* [What is required] Please transcribe exactly, and only, the lines of the data below between the line holding "probability prod_i d(s_i)" and the line holding "i.i.d. weight of", inclusive.
***** Input data
(* For $1\le m<n$ and every bounded continuous $f:\mathbb R^m\to\mathbb R$, \[\mathbb E\big[f(\hat D_1,\dots,\hat D_m)\mathbf 1\{N^n\ge m\}\big]=\mathbb E\big[f(\xi_1^*,\dots,\xi_m^* )\,\Theta_m^n(\xi_1^*,\dots,\xi_m^* )\big],\] where \[\Theta_m^n(k_1,\dots,k_m)=\frac{\mathbb P\big(\Xi_{n-m}=n-1-\sum_{i=1}^mk_i\big)}{\mathbb P(\Xi_n=n-1)}\prod_{i=1}^m\frac{n-i+1}{n-1-\sum_{j=1}^{i-1}k_j}.\]
   Context: Let $\xi$ be an $\mathbb N_0$-valued random variable with $\mathbb E[\xi]=1$ and $\gcd\{k:\mathbb P(\xi=k)>0\}=1$; let $\Xi_r$ denote a sum of $r$ i.i.d. copies of $\xi$, and let $n$ be such that $\mathbb P(\Xi_n=n-1)>0$. Let $\xi_1^*,\xi_2^*,\dots$ be i.i.d. with the size-biased law $\mathbb P(\xi^*=k)=k\,\mathbb P(\xi=k)$. Let $\mathbf D=(D_1,\dots,D_n)$ have the law of $n$ i.i.d. copies of $\xi$ conditioned to have sum $n-1$, and, conditionally on $\mathbf D$, let $w=(w_1,\dots,w_{n-1})$ be uniform on the set of sequences in $[n]^{n-1}$ in which each $i\in[n]$ appears exactly $D_i$ times. Let $M$ be the number of distinct entries of $w$ (equal to $N^n:=\#\{i:D_i>0\}$). Define $I_1=1$ and $I_{k+1}=\min\{i:w_i\notin\{w_{I_1},\dots,w_{I_k}\}\}$ for $k<M$, set $\Sigma(k)=w_{I_k}$, and $\hat{\mathbf D}=(\hat D_1,\dots,\hat D_n)=(D_{\Sigma(1)},\dots,D_{\Sigma(M)},0,\dots,0)$. *)

theory Defs
  imports "HOL-Probability.Probability"
begin

definition Xi_pmf :: "nat pmf \<Rightarrow> nat \<Rightarrow> nat pmf" where
  "Xi_pmf p r = map_pmf (\<lambda>x. \<Sum>i\<in>{1..r}. x i) (Pi_pmf {1..r} 0 (\<lambda>_. p))"

definition size_biased :: "nat pmf \<Rightarrow> nat pmf" where
  "size_biased p = embed_pmf (\<lambda>k. real k * pmf p k)"

definition D_pmf :: "nat pmf \<Rightarrow> nat \<Rightarrow> (nat \<Rightarrow> nat) pmf" where
  "D_pmf p n = cond_pmf (Pi_pmf {1..n} 0 (\<lambda>_. p)) {d. (\<Sum>i\<in>{1..n}. d i) = n - 1}"

definition words :: "nat \<Rightarrow> (nat \<Rightarrow> nat) \<Rightarrow> nat list set" where
  "words n d = {w. length w = n - 1 \<and> set w \<subseteq> {1..n} \<and> (\<forall>i\<in>{1..n}. count_list w i = d i)}"

definition Dw_pmf :: "nat pmf \<Rightarrow> nat \<Rightarrow> ((nat \<Rightarrow> nat) \<times> nat list) pmf" where
  "Dw_pmf p n = bind_pmf (D_pmf p n) (\<lambda>d. map_pmf (\<lambda>w. (d, w)) (pmf_of_set (words n d)))"

text \<open>The list [I_1, ..., I_k] of positions of first appearances, stored 0-based
  (list position j corresponds to the paper's index j+1). The first element is position 0,
  i.e. I_1 = 1 in the paper's 1-based convention.\<close>
fun Iseq :: "nat list \<Rightarrow> nat \<Rightarrow> nat list" where
  "Iseq w 0 = []"
| "Iseq w (Suc k) = Iseq w k @ [LEAST i. i < length w \<and> w ! i \<notin> (\<lambda>j. w ! j) ` set (Iseq w k)]"

definition Sigma :: "nat list \<Rightarrow> nat \<Rightarrow> nat" where
  "Sigma w k = w ! (Iseq w k ! (k - 1))"

definition Dhat :: "(nat \<Rightarrow> nat) \<Rightarrow> nat list \<Rightarrow> nat \<Rightarrow> nat" where
  "Dhat d w i = (if 1 \<le> i \<and> i \<le> card (set w) then d (Sigma w i) else 0)"

definition Nn :: "nat \<Rightarrow> (nat \<Rightarrow> nat) \<Rightarrow> nat" where
  "Nn n d = card {i\<in>{1..n}. d i > 0}"

text \<open>Theta^n_m(k_1,...,k_m).  The probability P(Xi_{n-m} = n-1-sum k) is 0 when the
  target is negative.\<close>
definition Theta :: "nat pmf \<Rightarrow> nat \<Rightarrow> nat \<Rightarrow> (nat \<Rightarrow> nat) \<Rightarrow> real" where
  "Theta p n m k =
     (if (\<Sum>i\<in>{1..m}. k i) \<le> n - 1
      then pmf (Xi_pmf p (n - m)) (n - 1 - (\<Sum>i\<in>{1..m}. k i)) else 0)
     / pmf (Xi_pmf p n) (n - 1)
     * (\<Prod>i\<in>{1..m}. (real n - real i + 1) / (real n - 1 - (\<Sum>j\<in>{1..<i}. real (k j))))"

text \<open>R^m embedded as functions nat => real vanishing outside {1..m}
  (product topology = Euclidean topology on this subspace).\<close>
definition Rm :: "nat \<Rightarrow> (nat \<Rightarrow> real) set" where
  "Rm m = {x. \<forall>i. i \<notin> {1..m} \<longrightarrow> x i = 0}"

end

theory Submission
  imports Defs "HOL-Combinatorics.Multiset_Permutations"
begin

(* Given D = d, the word w is a uniformly random arrangement of the multiset with d i copies
   of each vertex i, and Sigma(1), ..., Sigma(m) are its first m distinct letters. Reading w from
   the left, every new letter is drawn with probability proportional to its multiplicity among
   the letters not seen yet, so the first m new letters form a given injective sequence s with
   probability prod_i d(s_i) / (n - 1 - sum_{j<i} d(s_j)); this follows by induction on the
   first letter of w. Summing over the n (n-1) ... (n-m+1) injective sequences s and over d, the
   i.i.d. weight of d splits into prod_i P(xi = k_i) for the degrees k along s and
   P(Xi_{n-m} = n - 1 - sum_i k_i) for the remaining vertices. Dividing by P(Xi_n = n - 1) and
   writing k P(xi = k) = P(xi* = k) gives Theta. All sums are finite. *)

section \<open>First occurrences in a word\<close>

lemma hd_filter_conv_nth_Least:
  assumes "\<exists>x\<in>set w. P x"
  shows "hd (filter P w) = w ! (LEAST i. i < length w \<and> P (w ! i))"
  using assms
proof (induction w)
  case (Cons a w)
  show ?case
  proof (cases "P a")
    case True
    then have "(LEAST i. i < length (a # w) \<and> P ((a # w) ! i)) = 0"
      by (intro Least_equality) auto
    with True show ?thesis by simp
  next
    case False
    with Cons.prems obtain j where "j < length w" "P (w ! j)"
      by (auto simp: in_set_conv_nth)
    with False have "(LEAST i. i < length (a # w) \<and> P ((a # w) ! i))
        = Suc (LEAST i. i < length w \<and> P (w ! i))"
      using Least_Suc[of "\<lambda>i. i < length (a # w) \<and> P ((a # w) ! i)" "Suc j"] by simp
    with False Cons show ?thesis by simp
  qed
qed simp

fun first_occurrences :: "'a set \<Rightarrow> 'a list \<Rightarrow> 'a list" where
  "first_occurrences S [] = []"
| "first_occurrences S (x # xs) =
     (if x \<in> S then first_occurrences S xs else x # first_occurrences (insert x S) xs)"

lemma set_first_occurrences [simp]: "set (first_occurrences S w) = set w - S"
  by (induction S w rule: first_occurrences.induct) auto

lemma distinct_first_occurrences [simp]: "distinct (first_occurrences S w)"
  by (induction S w rule: first_occurrences.induct) auto

lemma length_first_occurrences: "length (first_occurrences {} w) = card (set w)"
  using distinct_card[OF distinct_first_occurrences, of "{}" w] by simp

lemma nth_first_occurrences:
  "k < length (first_occurrences S w) \<Longrightarrow>
   first_occurrences S w ! k = hd (filter (\<lambda>x. x \<notin> S \<union> set (take k (first_occurrences S w))) w)"
proof (induction S w arbitrary: k rule: first_occurrences.induct)
  case (2 S x xs)
  show ?case
  proof (cases "x \<in> S")
    case False
    then show ?thesis
      using "2.IH"(2)[OF False, of "k - 1"] "2.prems" by (cases k) (auto intro: filter_cong)
  qed (use 2 in simp)
qed simp

lemma length_Iseq [simp]: "length (Iseq w k) = k"
  by (induction k) auto

lemma map_nth_Iseq:
  "k \<le> card (set w) \<Longrightarrow> map ((!) w) (Iseq w k) = take k (first_occurrences {} w)"
proof (induction k)
  case (Suc k)
  let ?F = "first_occurrences {} w"
  have k: "k < length ?F"
    using Suc.prems length_first_occurrences[of w] by linarith
  have IH: "(!) w ` set (Iseq w k) = set (take k ?F)"
    using Suc by (metis Suc_leD list.set_map)
  have new: "?F ! k \<in> set w" "?F ! k \<notin> set (take k ?F)"
    using k nth_mem[OF k] distinct_first_occurrences[of "{}" w]
    by (auto simp: in_set_conv_nth nth_eq_iff_index_eq)
  have "?F ! k = hd (filter (\<lambda>x. x \<notin> set (take k ?F)) w)"
    using nth_first_occurrences[OF k] by simp
  also have "\<dots> = w ! (LEAST i. i < length w \<and> w ! i \<notin> (!) w ` set (Iseq w k))"
    unfolding IH by (rule hd_filter_conv_nth_Least) (use new in blast)
  finally have "w ! (LEAST i. i < length w \<and> w ! i \<notin> (!) w ` set (Iseq w k)) = ?F ! k" ..
  then show ?case
    using Suc k by (simp add: take_Suc_conv_app_nth)
qed simp

lemma Sigma_eq_nth_first_occurrences:
  assumes "1 \<le> i" "i \<le> card (set w)"
  shows "Sigma w i = first_occurrences {} w ! (i - 1)"
proof -
  have "Sigma w i = map ((!) w) (Iseq w i) ! (i - 1)"
    unfolding Sigma_def using assms by simp
  also have "\<dots> = first_occurrences {} w ! (i - 1)"
    using map_nth_Iseq[OF assms(2)] assms(1) by simp
  finally show ?thesis .
qed

section \<open>Arrangements of a multiset\<close>

fun first_occurrences_prob :: "'a multiset \<Rightarrow> 'a set \<Rightarrow> 'a list \<Rightarrow> real" where
  "first_occurrences_prob A S [] = 1"
| "first_occurrences_prob A S (a # s) =
     count A a / size (filter_mset (\<lambda>x. x \<notin> S) A) * first_occurrences_prob A (insert a S) s"

lemma first_occurrences_prob_cong:
  assumes "\<And>x. x \<notin> S \<Longrightarrow> count A x = count B x" "set s \<inter> S = {}" "distinct s"
  shows "first_occurrences_prob A S s = first_occurrences_prob B S s"
  using assms
proof (induction s arbitrary: S)
  case (Cons a s)
  have "filter_mset (\<lambda>x. x \<notin> S) A = filter_mset (\<lambda>x. x \<notin> S) B"
    using Cons.prems(1) by (intro multiset_eqI) auto
  moreover have "first_occurrences_prob A (insert a S) s = first_occurrences_prob B (insert a S) s"
    using Cons.prems by (intro Cons.IH) auto
  ultimately show ?case
    using Cons.prems by simp
qed simp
**********
* [Solved problem]
   probability prod_i d(s_i) / (n - 1 - sum_{j<i} d(s_j)); this follows by induction on the
   first letter of w. Summing over the n (n-1) ... (n-m+1) injective sequences s and over d, the
   i.i.d. weight of d splits into prod_i P(xi = k_i) for the degrees k along s and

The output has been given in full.